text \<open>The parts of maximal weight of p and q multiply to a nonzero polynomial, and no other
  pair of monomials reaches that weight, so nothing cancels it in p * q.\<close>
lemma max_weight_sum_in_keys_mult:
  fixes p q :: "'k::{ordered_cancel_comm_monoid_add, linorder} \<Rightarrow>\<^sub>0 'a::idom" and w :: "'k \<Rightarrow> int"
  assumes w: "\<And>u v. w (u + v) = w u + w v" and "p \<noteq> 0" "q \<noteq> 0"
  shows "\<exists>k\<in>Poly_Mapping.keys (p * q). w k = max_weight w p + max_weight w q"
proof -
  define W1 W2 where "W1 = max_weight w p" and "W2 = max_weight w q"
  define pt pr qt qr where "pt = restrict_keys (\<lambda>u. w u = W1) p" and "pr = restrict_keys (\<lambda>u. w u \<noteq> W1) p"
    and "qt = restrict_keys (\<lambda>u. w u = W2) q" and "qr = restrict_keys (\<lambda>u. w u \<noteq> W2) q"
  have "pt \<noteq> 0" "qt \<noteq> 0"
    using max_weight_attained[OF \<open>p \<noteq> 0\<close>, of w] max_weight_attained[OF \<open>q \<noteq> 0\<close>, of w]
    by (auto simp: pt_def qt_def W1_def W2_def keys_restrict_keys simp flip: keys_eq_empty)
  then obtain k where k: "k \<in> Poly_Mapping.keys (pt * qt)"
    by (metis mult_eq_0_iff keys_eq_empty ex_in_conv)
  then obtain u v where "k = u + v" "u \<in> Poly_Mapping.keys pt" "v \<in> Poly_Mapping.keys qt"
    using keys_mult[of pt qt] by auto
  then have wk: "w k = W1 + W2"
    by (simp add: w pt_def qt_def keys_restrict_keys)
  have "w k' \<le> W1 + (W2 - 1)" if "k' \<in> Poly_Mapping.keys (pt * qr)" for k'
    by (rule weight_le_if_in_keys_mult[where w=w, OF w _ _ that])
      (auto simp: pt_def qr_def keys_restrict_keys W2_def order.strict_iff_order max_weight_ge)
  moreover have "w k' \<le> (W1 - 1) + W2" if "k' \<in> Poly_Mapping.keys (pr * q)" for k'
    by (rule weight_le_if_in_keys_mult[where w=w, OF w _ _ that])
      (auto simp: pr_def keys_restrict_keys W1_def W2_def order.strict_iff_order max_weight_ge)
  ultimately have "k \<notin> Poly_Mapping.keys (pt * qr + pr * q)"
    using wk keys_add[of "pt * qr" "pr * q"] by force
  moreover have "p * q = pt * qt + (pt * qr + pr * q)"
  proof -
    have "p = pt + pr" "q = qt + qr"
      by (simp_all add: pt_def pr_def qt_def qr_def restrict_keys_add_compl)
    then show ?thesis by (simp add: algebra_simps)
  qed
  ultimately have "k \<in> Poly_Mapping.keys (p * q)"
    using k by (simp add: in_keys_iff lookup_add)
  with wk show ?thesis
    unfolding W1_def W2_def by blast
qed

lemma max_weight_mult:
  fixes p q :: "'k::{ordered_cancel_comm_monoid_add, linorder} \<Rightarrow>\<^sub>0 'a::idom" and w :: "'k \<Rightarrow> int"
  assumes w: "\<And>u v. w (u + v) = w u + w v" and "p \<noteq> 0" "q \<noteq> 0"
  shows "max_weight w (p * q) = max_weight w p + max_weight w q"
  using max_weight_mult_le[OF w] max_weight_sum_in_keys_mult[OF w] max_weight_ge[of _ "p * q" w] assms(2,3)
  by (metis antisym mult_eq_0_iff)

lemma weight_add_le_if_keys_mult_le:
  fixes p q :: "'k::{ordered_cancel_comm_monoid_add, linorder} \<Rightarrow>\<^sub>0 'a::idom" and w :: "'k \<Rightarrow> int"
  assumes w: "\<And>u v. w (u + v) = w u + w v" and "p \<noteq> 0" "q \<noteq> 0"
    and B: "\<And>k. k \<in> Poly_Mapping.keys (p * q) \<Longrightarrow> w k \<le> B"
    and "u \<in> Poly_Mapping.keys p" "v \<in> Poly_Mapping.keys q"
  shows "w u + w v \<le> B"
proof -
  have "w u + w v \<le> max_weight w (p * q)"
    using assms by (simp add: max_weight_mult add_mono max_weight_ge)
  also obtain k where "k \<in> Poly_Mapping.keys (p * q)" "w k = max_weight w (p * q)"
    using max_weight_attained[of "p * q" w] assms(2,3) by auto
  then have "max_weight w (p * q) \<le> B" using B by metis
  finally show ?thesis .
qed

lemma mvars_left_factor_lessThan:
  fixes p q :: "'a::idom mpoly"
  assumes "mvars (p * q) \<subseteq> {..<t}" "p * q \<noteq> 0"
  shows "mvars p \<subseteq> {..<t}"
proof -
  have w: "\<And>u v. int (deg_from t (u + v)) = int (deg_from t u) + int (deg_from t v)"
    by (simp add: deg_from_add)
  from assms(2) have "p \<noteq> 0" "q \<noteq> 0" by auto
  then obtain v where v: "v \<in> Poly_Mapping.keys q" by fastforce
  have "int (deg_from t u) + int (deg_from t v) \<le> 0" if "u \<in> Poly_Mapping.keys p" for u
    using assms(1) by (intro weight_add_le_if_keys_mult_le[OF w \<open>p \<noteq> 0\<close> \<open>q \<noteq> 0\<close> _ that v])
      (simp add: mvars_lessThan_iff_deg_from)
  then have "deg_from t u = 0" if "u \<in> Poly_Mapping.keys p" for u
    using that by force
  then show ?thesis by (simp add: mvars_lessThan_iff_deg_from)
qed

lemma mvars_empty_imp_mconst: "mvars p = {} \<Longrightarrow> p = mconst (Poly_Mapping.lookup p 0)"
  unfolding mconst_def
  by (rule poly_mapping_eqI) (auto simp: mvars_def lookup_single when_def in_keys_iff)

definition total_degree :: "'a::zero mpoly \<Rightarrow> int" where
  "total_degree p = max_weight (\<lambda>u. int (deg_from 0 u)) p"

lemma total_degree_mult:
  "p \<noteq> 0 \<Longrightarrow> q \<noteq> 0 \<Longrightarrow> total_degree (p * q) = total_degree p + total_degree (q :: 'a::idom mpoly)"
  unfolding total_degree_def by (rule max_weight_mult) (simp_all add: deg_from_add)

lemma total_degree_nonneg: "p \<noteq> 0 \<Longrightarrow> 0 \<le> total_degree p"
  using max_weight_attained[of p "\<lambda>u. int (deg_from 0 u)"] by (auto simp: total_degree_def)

• _WORK INSTRUCTION_: In the material above, locate the line containing "using wk keys_add[of" and the line containing "by (simp_all add: pt_def". Transcribe exactly those two lines and every line between them, and nothing more.

• _TASK SOLUTION_:
    using wk keys_add[of "pt * qr" "pr * q"] by force
  moreover have "p * q = pt * qt + (pt * qr + pr * q)"
  proof -
    have "p = pt + pr" "q = qt + qr"
      by (simp_all add: pt_def pr_def qt_def qr_def restrict_keys_add_compl)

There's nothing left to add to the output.